■ **WHAT THE EXERCISE ASKS**
An exact copy of the entries is needed, with every line included.

■ **EXTRACTED INFORMATION**
(* Let $n\ge1$ and $\sigma\in\mathfrak{S}_n$. Then $\Delta(\sigma')\sqsubset\Delta(\sigma)$. Moreover: if $\Delta(\sigma')$ is a prefix of $\Delta(\sigma)$, then $\sigma$ is obtained from $\sigma'$ by inserting $n$ in the last position. Otherwise, let $k$ be the index of the first step at which the paths $\Delta(\sigma')$ and $\Delta(\sigma)$ differ; if $k$ is odd, $\sigma$ is obtained from $\sigma'$ by inserting $n$ immediately after the letter $\frac{k+1}{2}$, and if $k$ is even, $\sigma$ is obtained from $\sigma'$ by inserting $n$ immediately before the letter $\frac{k}{2}$.
   Context: Permutations $\sigma\in\mathfrak{S}_n$ are written as words $\sigma_1\cdots\sigma_n$, with the conventions $\sigma_0=0$, $\sigma_{n+1}=n+1$. A value $\sigma_i$ ($1\le i\le n$) is a peak if $\sigma_{i-1}<\sigma_i>\sigma_{i+1}$, a valley if $\sigma_{i-1}>\sigma_i<\sigma_{i+1}$, a double ascent if $\sigma_{i-1}<\sigma_i<\sigma_{i+1}$, a double descent if $\sigma_{i-1}>\sigma_i>\sigma_{i+1}$. The profile $\Delta(\sigma)$ is the word $w_1\cdots w_{2n}$ over $\{\nearrow,\searrow\}$ where, for each value $j\in\{1,\dots,n\}$, $w_{2j-1}w_{2j}$ is $\nearrow\nearrow$ if $j$ is a valley, $\searrow\searrow$ if $j$ is a peak, $\nearrow\searrow$ if $j$ is a double ascent, $\searrow\nearrow$ if $j$ is a double descent; it is a Dyck path of length $2n$ (the empty permutation has the empty profile). $\sigma'\in\mathfrak{S}_{n-1}$ is the word obtained from $\sigma$ by deleting the letter $n$. A Dyck path of length $2m$ is a lattice path from $(0,0)$ to $(2m,0)$ with steps $\nearrow=(1,1)$, $\searrow=(1,-1)$ never going below the $x$-axis; $P(x)$ denotes its height at abscissa $x$. A cell is a point $(a,b)\in\mathbb{Z}^2$ with $b\ge0$, $a+b$ even (the tilted square with vertices $(a,b),(a+1,b\pm1),(a+2,b)$). The Dyck shape of $P$ (length $2m$) is $S(P)=\{(a,b): b\ge0,\ a+b\text{ even},\ 0\le a\le 2m-2,\ b+1\le P(a+1)\}$. Cells are adjacent if they differ by $(\pm1,\pm1)$. A ribbon is a nonempty set of cells, connected for adjacency, containing no four cells $(a,b),(a+1,b+1),(a+1,b-1),(a+2,b)$. For Dyck paths $D$ of length $2m$ and $E$ of length $2m+2$, $D\sqsubset E$ means $S(D)\subseteq S(E)$ and $S(E)\setminus S(D)$ is a ribbon. *)

theory Defs
  imports Main "HOL-Library.Sublist"
begin

definition is_perm :: "nat \<Rightarrow> nat list \<Rightarrow> bool" where
  "is_perm n s \<longleftrightarrow> distinct s \<and> set s = {1..n}"

definition letter :: "nat list \<Rightarrow> nat \<Rightarrow> nat" where
  "letter s i = (if i = 0 then 0 else if i = length s + 1 then length s + 1 else s ! (i - 1))"

definition pos :: "nat list \<Rightarrow> nat \<Rightarrow> nat" where
  "pos s j = (THE i. 1 \<le> i \<and> i \<le> length s \<and> s ! (i - 1) = j)"

definition is_peak :: "nat list \<Rightarrow> nat \<Rightarrow> bool" where
  "is_peak s j = (let i = pos s j in letter s (i - 1) < letter s i \<and> letter s i > letter s (i + 1))"
definition is_valley :: "nat list \<Rightarrow> nat \<Rightarrow> bool" where
  "is_valley s j = (let i = pos s j in letter s (i - 1) > letter s i \<and> letter s i < letter s (i + 1))"
definition is_dasc :: "nat list \<Rightarrow> nat \<Rightarrow> bool" where
  "is_dasc s j = (let i = pos s j in letter s (i - 1) < letter s i \<and> letter s i < letter s (i + 1))"
definition is_ddesc :: "nat list \<Rightarrow> nat \<Rightarrow> bool" where
  "is_ddesc s j = (let i = pos s j in letter s (i - 1) > letter s i \<and> letter s i > letter s (i + 1))"

datatype step = Up | Down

■ **EXERCISE RESPONSE**
(* Let $n\ge1$ and $\sigma\in\mathfrak{S}_n$. Then $\Delta(\sigma')\sqsubset\Delta(\sigma)$. Moreover: if $\Delta(\sigma')$ is a prefix of $\Delta(\sigma)$, then $\sigma$ is obtained from $\sigma'$ by inserting $n$ in the last position. Otherwise, let $k$ be the index of the first step at which the paths $\Delta(\sigma')$ and $\Delta(\sigma)$ differ; if $k$ is odd, $\sigma$ is obtained from $\sigma'$ by inserting $n$ immediately after the letter $\frac{k+1}{2}$, and if $k$ is even, $\sigma$ is obtained from $\sigma'$ by inserting $n$ immediately before the letter $\frac{k}{2}$.
   Context: Permutations $\sigma\in\mathfrak{S}_n$ are written as words $\sigma_1\cdots\sigma_n$, with the conventions $\sigma_0=0$, $\sigma_{n+1}=n+1$. A value $\sigma_i$ ($1\le i\le n$) is a peak if $\sigma_{i-1}<\sigma_i>\sigma_{i+1}$, a valley if $\sigma_{i-1}>\sigma_i<\sigma_{i+1}$, a double ascent if $\sigma_{i-1}<\sigma_i<\sigma_{i+1}$, a double descent if $\sigma_{i-1}>\sigma_i>\sigma_{i+1}$. The profile $\Delta(\sigma)$ is the word $w_1\cdots w_{2n}$ over $\{\nearrow,\searrow\}$ where, for each value $j\in\{1,\dots,n\}$, $w_{2j-1}w_{2j}$ is $\nearrow\nearrow$ if $j$ is a valley, $\searrow\searrow$ if $j$ is a peak, $\nearrow\searrow$ if $j$ is a double ascent, $\searrow\nearrow$ if $j$ is a double descent; it is a Dyck path of length $2n$ (the empty permutation has the empty profile). $\sigma'\in\mathfrak{S}_{n-1}$ is the word obtained from $\sigma$ by deleting the letter $n$. A Dyck path of length $2m$ is a lattice path from $(0,0)$ to $(2m,0)$ with steps $\nearrow=(1,1)$, $\searrow=(1,-1)$ never going below the $x$-axis; $P(x)$ denotes its height at abscissa $x$. A cell is a point $(a,b)\in\mathbb{Z}^2$ with $b\ge0$, $a+b$ even (the tilted square with vertices $(a,b),(a+1,b\pm1),(a+2,b)$). The Dyck shape of $P$ (length $2m$) is $S(P)=\{(a,b): b\ge0,\ a+b\text{ even},\ 0\le a\le 2m-2,\ b+1\le P(a+1)\}$. Cells are adjacent if they differ by $(\pm1,\pm1)$. A ribbon is a nonempty set of cells, connected for adjacency, containing no four cells $(a,b),(a+1,b+1),(a+1,b-1),(a+2,b)$. For Dyck paths $D$ of length $2m$ and $E$ of length $2m+2$, $D\sqsubset E$ means $S(D)\subseteq S(E)$ and $S(E)\setminus S(D)$ is a ribbon. *)

theory Defs
  imports Main "HOL-Library.Sublist"
begin

definition is_perm :: "nat \<Rightarrow> nat list \<Rightarrow> bool" where
  "is_perm n s \<longleftrightarrow> distinct s \<and> set s = {1..n}"

definition letter :: "nat list \<Rightarrow> nat \<Rightarrow> nat" where
  "letter s i = (if i = 0 then 0 else if i = length s + 1 then length s + 1 else s ! (i - 1))"

definition pos :: "nat list \<Rightarrow> nat \<Rightarrow> nat" where
  "pos s j = (THE i. 1 \<le> i \<and> i \<le> length s \<and> s ! (i - 1) = j)"

definition is_peak :: "nat list \<Rightarrow> nat \<Rightarrow> bool" where
  "is_peak s j = (let i = pos s j in letter s (i - 1) < letter s i \<and> letter s i > letter s (i + 1))"
definition is_valley :: "nat list \<Rightarrow> nat \<Rightarrow> bool" where
  "is_valley s j = (let i = pos s j in letter s (i - 1) > letter s i \<and> letter s i < letter s (i + 1))"
definition is_dasc :: "nat list \<Rightarrow> nat \<Rightarrow> bool" where
  "is_dasc s j = (let i = pos s j in letter s (i - 1) < letter s i \<and> letter s i < letter s (i + 1))"
definition is_ddesc :: "nat list \<Rightarrow> nat \<Rightarrow> bool" where
  "is_ddesc s j = (let i = pos s j in letter s (i - 1) > letter s i \<and> letter s i > letter s (i + 1))"

datatype step = Up | Down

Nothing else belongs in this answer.